MEMORY By ShirmeenIjaz
What is memory? • According to Feldman, “The capacity to record, retain and retrieve information”
Process of Memory • There are three processes involve in memory system. • Encoding • Storage • Retrieval
1) Encoding Encoding refers to the process of transforming information into a form that can be entered and retained by the memory system. Encoding involves forming a memory code, e.g, when you form a memory code for word you might emphasize how it looks, how it sounds or what it means. Encoding usually requires attention.
2) Storage It is a process of retaining information in memory so it can be used at a later time.
3) Retrieval Retrieval involves recovering the stored information and bringing it to the consciousness.
Stages of memory • There are three stages of memory • Sensory memory • Short term memory • Long term memory
1) Sensory memory • Sensory memory preserves information in its original sensory form for a very brief time i.e. fraction of a second. Sensory memory allows the sensation of a visual pattern, sound or touch to linger for a brief moment after the sensory stimulation is over.
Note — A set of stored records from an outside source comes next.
lemma Cauchy_Schwarz:
  assumes f: "f \<in> H" and g: "g \<in> H"
  shows "norm (ip f g) \<le> hnorm ip f * hnorm ip g"
proof (cases "ip g g = 0")
  case True
  then have "ip f g = 0"
    using ip_self_eq_0[OF g] ip_commute[OF zero_mem f] ip_zero_left[OF f] by simp
  then show ?thesis using hnorm_nonneg f g by simp
next
  case False
  define a where "a = Re (ip g g)"
  have ga: "ip g g = of_real a"
    using ip_self_Im[OF g] by (simp add: a_def complex_eq_iff)
  have apos: "a > 0"
    using False ga ip_self_Re_nonneg[OF g] a_def by (metis less_eq_real_def of_real_0)
  define p where "p = ip f g"
  \<comment> \<open>expand \<open>0 \<le> \<langle>f + t g, f + t g\<rangle>\<close> at the minimising \<open>t = - p / a\<close>\<close>
  define t where "t = - p / of_real a"
  have tg: "vscale t g \<in> H" using g vscale_mem by blast
  have "ip (vadd f (vscale t g)) (vadd f (vscale t g))
        = ip f f + cnj t * p + t * cnj p + t * cnj t * of_real a"
    using f g tg by (simp add: ip_vadd_left ip_vadd_right vadd_mem ip_vscale_left ip_vscale_right
        p_def ga ip_commute[OF f g] algebra_simps)
  also have "\<dots> = ip f f - of_real ((cmod p)\<^sup>2 / a)"
    using apos by (simp add: t_def field_simps complex_norm_square[symmetric])
  finally have "Re (ip f f) - (cmod p)\<^sup>2 / a \<ge> 0"
    using ip_self_Re_nonneg[OF vadd_mem[OF f tg]] by simp
  then have "(cmod p)\<^sup>2 \<le> Re (ip f f) * a" using apos by (simp add: field_simps)
  then have "sqrt ((cmod p)\<^sup>2) \<le> sqrt (Re (ip f f) * a)" by (rule real_sqrt_le_mono)
  then show ?thesis unfolding hnorm_def p_def a_def by (simp add: real_sqrt_mult)
qed

end

section \<open>Monomials and multi-indices\<close>

lemma prod_power_fun_upd_Suc:
  fixes w :: "'d::finite \<Rightarrow> 'a::comm_monoid_mult"
  shows "(\<Prod>i\<in>UNIV. w i ^ (\<alpha>(j := Suc (\<alpha> j))) i) = w j * (\<Prod>i\<in>UNIV. w i ^ \<alpha> i)"
proof -
  have "(\<Prod>i\<in>UNIV - {j}. w i ^ (\<alpha>(j := Suc (\<alpha> j))) i) = (\<Prod>i\<in>UNIV - {j}. w i ^ \<alpha> i)"
    by (intro prod.cong) auto
  then show ?thesis
    by (simp add: prod.remove[of UNIV j] del: fun_upd_apply) (simp add: mult.assoc)
qed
Types of sensory memory 1) Iconic The storage of visual information 2) Echoic The storage of information obtained from the sense of hearing. 3) Haptic The storage of information obtained from the sense of touch.
2) Short term memory • STM is traditionally thought of as the intermediate stage between sensory memory and long term memory. In it all those information are held about which the person is currently thinking or consciously aware of. Most of the information stored in working memory will be stored for approximately 20 to 30 sec. • Baddeley called short term memory as working memory.
Storage capacity: Is almost always between 7 +_ 2 items. The capacity of short term memory can be increased through chunks and rehearsals. • Chunks: It is the process of grouping information into units in order to be able to store more information in STM. • Rehearsal: Repeating information verbally or thinking about it.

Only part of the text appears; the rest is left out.